Diffusion tensor imaging—TBSS
Significant FA reductions (Fig. 3) at a conservative statistical threshold (p < 0.05 corrected for multiple comparisons) could be demonstrated only in the optic radiation; these were driven by RD increases (Suppl. Fig. 1). PD and MD did not demonstrate significant differences between NMOSD patients and controls at conservative statistical thresholds (Suppl. Fig. 1). Also, at lower statistical thresholds, other regions demonstrate FA reductions (with associated RD and MD increases), e.g. corticospinal tract, splenium, corpus callosum genu, corpus callosum body, cerebellum and brainstem (Fig. 3). However, no association with EDSS or disease duration could be demonstrated (data not shown).
GM and WM VBM results at p < 0.05 and p < 0.01 uncorrected, and p < 0.05 corrected for multiple comparisons. At exploratory statistical threshold different GM and WM regions show significant GW and WM volume decrease in NMOSD patients. After correction for multiple comparisons no significant differences remained
TBSS FA differences at p < 0.05 uncorrected and p < 0.01 uncorrected, and p < 0.05 fwe corrected for multiple comparisons. Red-Yellow = reduction in patients / Blue-Light blue = increase in patients. For visualization purposes, significant skeleton tracts are thickened (tbss_fill script of fsl)

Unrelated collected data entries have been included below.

text \<open>In both cases, after substituting \<open>t = s + 1\<close> and \<open>c\<close> as below, all coefficients
  become nonnegative.\<close>

lemma bound_poly_nonneg_large_c:
  fixes t c u :: real
  assumes "t \<ge> 1" "c \<ge> 4*t + 2" "u \<ge> c - 1"
  shows "bound_poly u t c \<ge> 0"
proof (rule bound_poly_nonneg_of_le[where U = "c - 1"])
  define s d where "s = t - 1" and "d = c - 4*t - 2"
  have "s \<ge> 0" "d \<ge> 0" using assms unfolding s_def d_def by auto
  have t: "t = s + 1" and c: "c = 4*s + 6 + d" unfolding s_def d_def by auto
  have "bound_poly (c - 1) t c = 16*s^4 + 24*s^3*d + 112*s^3 + 9*s^2*d^2 + 124*s^2*d + 268*s^2
      + s*d^3 + 32*s*d^2 + 218*s*d + 252*s + 2*d^3 + 31*d^2 + 126*d + 45"
    unfolding bound_poly_def t c by (simp add: algebra_simps power2_eq_square power3_eq_cube power4_eq_xxxx)
  then show "bound_poly (c - 1) t c \<ge> 0"
    using \<open>s \<ge> 0\<close> \<open>d \<ge> 0\<close> by simp
  have "6*(c-2)*(c-1) + (2*t*c^2 - 8*t*c - 2*c^2 + 19*c - 38) = 32*s^3 + 16*s^2*d + 160*s^2
      + 2*s*d^2 + 64*s*d + 284*s + 6*d^2 + 65*d + 148"
    unfolding t c by (simp add: algebra_simps power2_eq_square power3_eq_cube)
  then show "6*(c-2)*(c-1) + (2*t*c^2 - 8*t*c - 2*c^2 + 19*c - 38) \<ge> 0"
    using \<open>s \<ge> 0\<close> \<open>d \<ge> 0\<close> by (metis zero_le_power add_nonneg_nonneg mult_nonneg_nonneg
      zero_le_numeral)
qed (use assms in auto)

lemma bound_poly_nonneg_small_c:
  fixes t c u :: real
  assumes "t \<ge> 1" "c \<ge> 3" "c \<le> 4*t + 1" "u + t*c \<ge> 4*t^2 + 10*t"
  shows "bound_poly u t c \<ge> 0"
proof (rule bound_poly_nonneg_of_le[where U = "4*t^2 + 10*t - t*c"])
  define s e w where "s = t - 1" and "e = c - 3" and "w = 4*s + 2 - e"
  have "s \<ge> 0" "e \<ge> 0" "w \<ge> 0" using assms unfolding s_def e_def w_def by auto
  have t: "t = s + 1" and c: "c = e + 3" and w: "w = 4*s + 2 - e" unfolding s_def e_def w_def by auto
  have "bound_poly (4*t^2 + 10*t - t*c) t c =
      e * ((32*s^3 + 217*s^2 + 393*s + 210) + (8*s^3 + 60*s^2 + 124*s + 79)*w + (s^2 + 3*s + 2)*w^2)
      + (48*s^4 + 336*s^3 + 802*s^2 + 744*s + 198)"
    unfolding bound_poly_def t c w by (simp add: algebra_simps power2_eq_square power3_eq_cube power4_eq_xxxx)
  then show "bound_poly (4*t^2 + 10*t - t*c) t c \<ge> 0"
    using \<open>s \<ge> 0\<close> \<open>e \<ge> 0\<close> \<open>w \<ge> 0\<close> by simp
  have "6*(c-2)*(4*t^2 + 10*t - t*c) + (2*t*c^2 - 8*t*c - 2*c^2 + 19*c - 38) =
      e*(8*s^2 + 56*s + 59 + w*(4*s + 6)) + (24*s^2 + 84*s + 61)"
    unfolding t c w by (simp add: algebra_simps power2_eq_square power3_eq_cube)
  then show "6*(c-2)*(4*t^2 + 10*t - t*c) + (2*t*c^2 - 8*t*c - 2*c^2 + 19*c - 38) \<ge> 0"
    using \<open>s \<ge> 0\<close> \<open>e \<ge> 0\<close> \<open>w \<ge> 0\<close> by (metis zero_le_power add_nonneg_nonneg
      mult_nonneg_nonneg zero_le_numeral)
qed (use assms in auto)

lemma bound_poly_nonneg:
  fixes t c :: nat and u :: real
  assumes "t \<ge> 1" "c \<ge> 3" "u \<ge> real c - 1" "u + real t * real c \<ge> 4 * real t ^ 2 + 10 * real t"
  shows "bound_poly u (real t) (real c) \<ge> 0"
proof (cases "c \<ge> 4*t + 2")
  case True
  then show ?thesis using assms by (intro bound_poly_nonneg_large_c) auto
next
  case False
  then show ?thesis using assms by (intro bound_poly_nonneg_small_c) auto
qed

lemma largest_eigenvalue_join_clique_isolated_ge:
  fixes t n c :: nat
  assumes "t \<ge> 1" "n \<ge> 4 * t^2 + 10 * t" "c \<ge> 3" "n \<ge> (t + 1) * c - 1"
  shows "real n + 2 \<le> largest_eigenvalue
           (dist_matrix (clique_join (t * c - 1) (n + 2 - (t + 1) * c) (empty_graph (c - 1))))"
proof -
  define P Q R where "P = t * c - 1" and "Q = n + 2 - (t + 1) * c" and "R = c - 1"
  have tc: "t * c \<ge> 3" using mult_mono[OF assms(1,3)] by simp
  have N: "P + Q + R = n" using assms tc unfolding P_def Q_def R_def by (simp add: algebra_simps)
  have "\<And>i j. \<not> gadj (empty_graph R) i j" "gverts (empty_graph R) = R" "P \<ge> 1"
    using tc by (simp_all add: gadj_def gverts_def empty_graph_def P_def)
  then have D: "dist_matrix (clique_join P Q (empty_graph R)) = part_matrix P Q n"
    using dist_matrix_clique_join[of "empty_graph R" P Q] N by simp
  have P: "real P = real t * real c - 1" and Q: "real Q = real n + 2 - (real t + 1) * real c"
    and R: "real R = real c - 1"
    using assms tc unfolding P_def Q_def R_def by (simp_all add: of_nat_diff algebra_simps)
  have "quotient_poly (real P) (real Q) (real R) (real n + 2) =
      bound_poly (real n - real t * real c) (real t) (real c)"
    unfolding quotient_poly_def bound_poly_def P Q R
    by (simp add: algebra_simps power2_eq_square power3_eq_cube)
  also have "\<dots> \<ge> 0"
  proof (rule bound_poly_nonneg)
    have "real ((t + 1) * c) \<le> real n + 1" using assms(4) by linarith
    then show "real n - real t * real c \<ge> real c - 1" by (simp add: algebra_simps)
    have "real (4 * t^2 + 10 * t) \<le> real n" using assms(2) by (simp only: of_nat_le_iff)
    then show "real n - real t * real c + real t * real c \<ge> 4 * real t ^ 2 + 10 * real t" by simp
  qed (use assms in auto)
  finally have "quotient_poly (real P) (real Q) (real R) (real n + 2) \<ge> 0" .
  moreover have "n \<ge> 1" using assms(1,2) by (simp add: le_add2 order.trans)
  then have "quotient_poly (real P) (real Q) (real R) (10 * real n) \<le> 0"
    using N by (intro quotient_poly_10n_nonpos) (simp_all flip: of_nat_add)
  ultimately have "real n + 2 \<le> largest_eigenvalue (part_matrix P Q (P + Q + R))"
    using \<open>P \<ge> 1\<close> \<open>n \<ge> 1\<close> assms(3) unfolding R_def
    by (intro le_largest_eigenvalue_part_matrix) auto
  then have "real n + 2 \<le> largest_eigenvalue (dist_matrix (clique_join P Q (empty_graph R)))"
    unfolding N D .
  then show ?thesis unfolding P_def Q_def R_def .
qed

Diffusion tensor imaging - TBSS-JHU atlas
In the additional ROI approach with a combined TBSS-JHU atlas mask analysis, significant FA reductions were found exclusively in regions of the occipital lobe (Suppl. Table 2). All of these regions are part of (posterior thalamic radiation p < 0.001, 6.9 % difference), in the immediate vicinity (sagittal stratum p < 0.003, 5.6 % difference; tapetum p < 0.019 , 7.1 % difference) or functionally directly connected (splenium p < 0.039, 2.6 % difference) to the visual system. Note that the cerebral peduncle as part of the cortical spinal tract just misses statistical significance (p value = 0.052, 1.4 % difference).
Association of RNFL and FA in the optic radiation
Mean RNFL values (overall, nasal and temporal quadrants) were significantly different (p < 0.001) between NMOSD patients (mean ± sd = 74.6 ± 17.0 mm) and controls (mean ± sd = 98.3 ± 6.9 mm). The GEE analysis showed a significant association (p = 0.038) between RNFL and FA values in the optic radiation with lower RNFL values reflecting reduced FA in the optic radiation.
Discussion
Our study investigated if occult brain parenchymal damage in NMOSD patients can be detected using a multiparametric MRI approach. In the past decade, especially with identification of anti-AQP4 antibodies, the understanding of NMOSD has dramatically changed [1]. However, prevalence and pathogenesis of brain involvement in NMOSD (in addition to the hallmark symptoms ON and LETM) is still a matter of debate. Nonspecific white matter abnormalities are found in a relatively high percentage (30–80 %) of NMOSD patients [1, 33]. Also in our cohort, the majority of patients (17/21) had smaller unspecific white matter lesions. This relatively high percentage can be explained with the greater sensitivity of lesion detection in the 3D high-resolution (1 mm isotropic) T2 and FLAIR sequences that were used in our protocol. This is also reflected by the high percentage (14/21) of control subjects with white matter lesions. Nonetheless, T2 lesion volume was higher in NMOSD patients and further studies with high-resolution T2 imaging and other techniques (e.g. susceptibility weighted imaging) to characterize these lesions are warranted.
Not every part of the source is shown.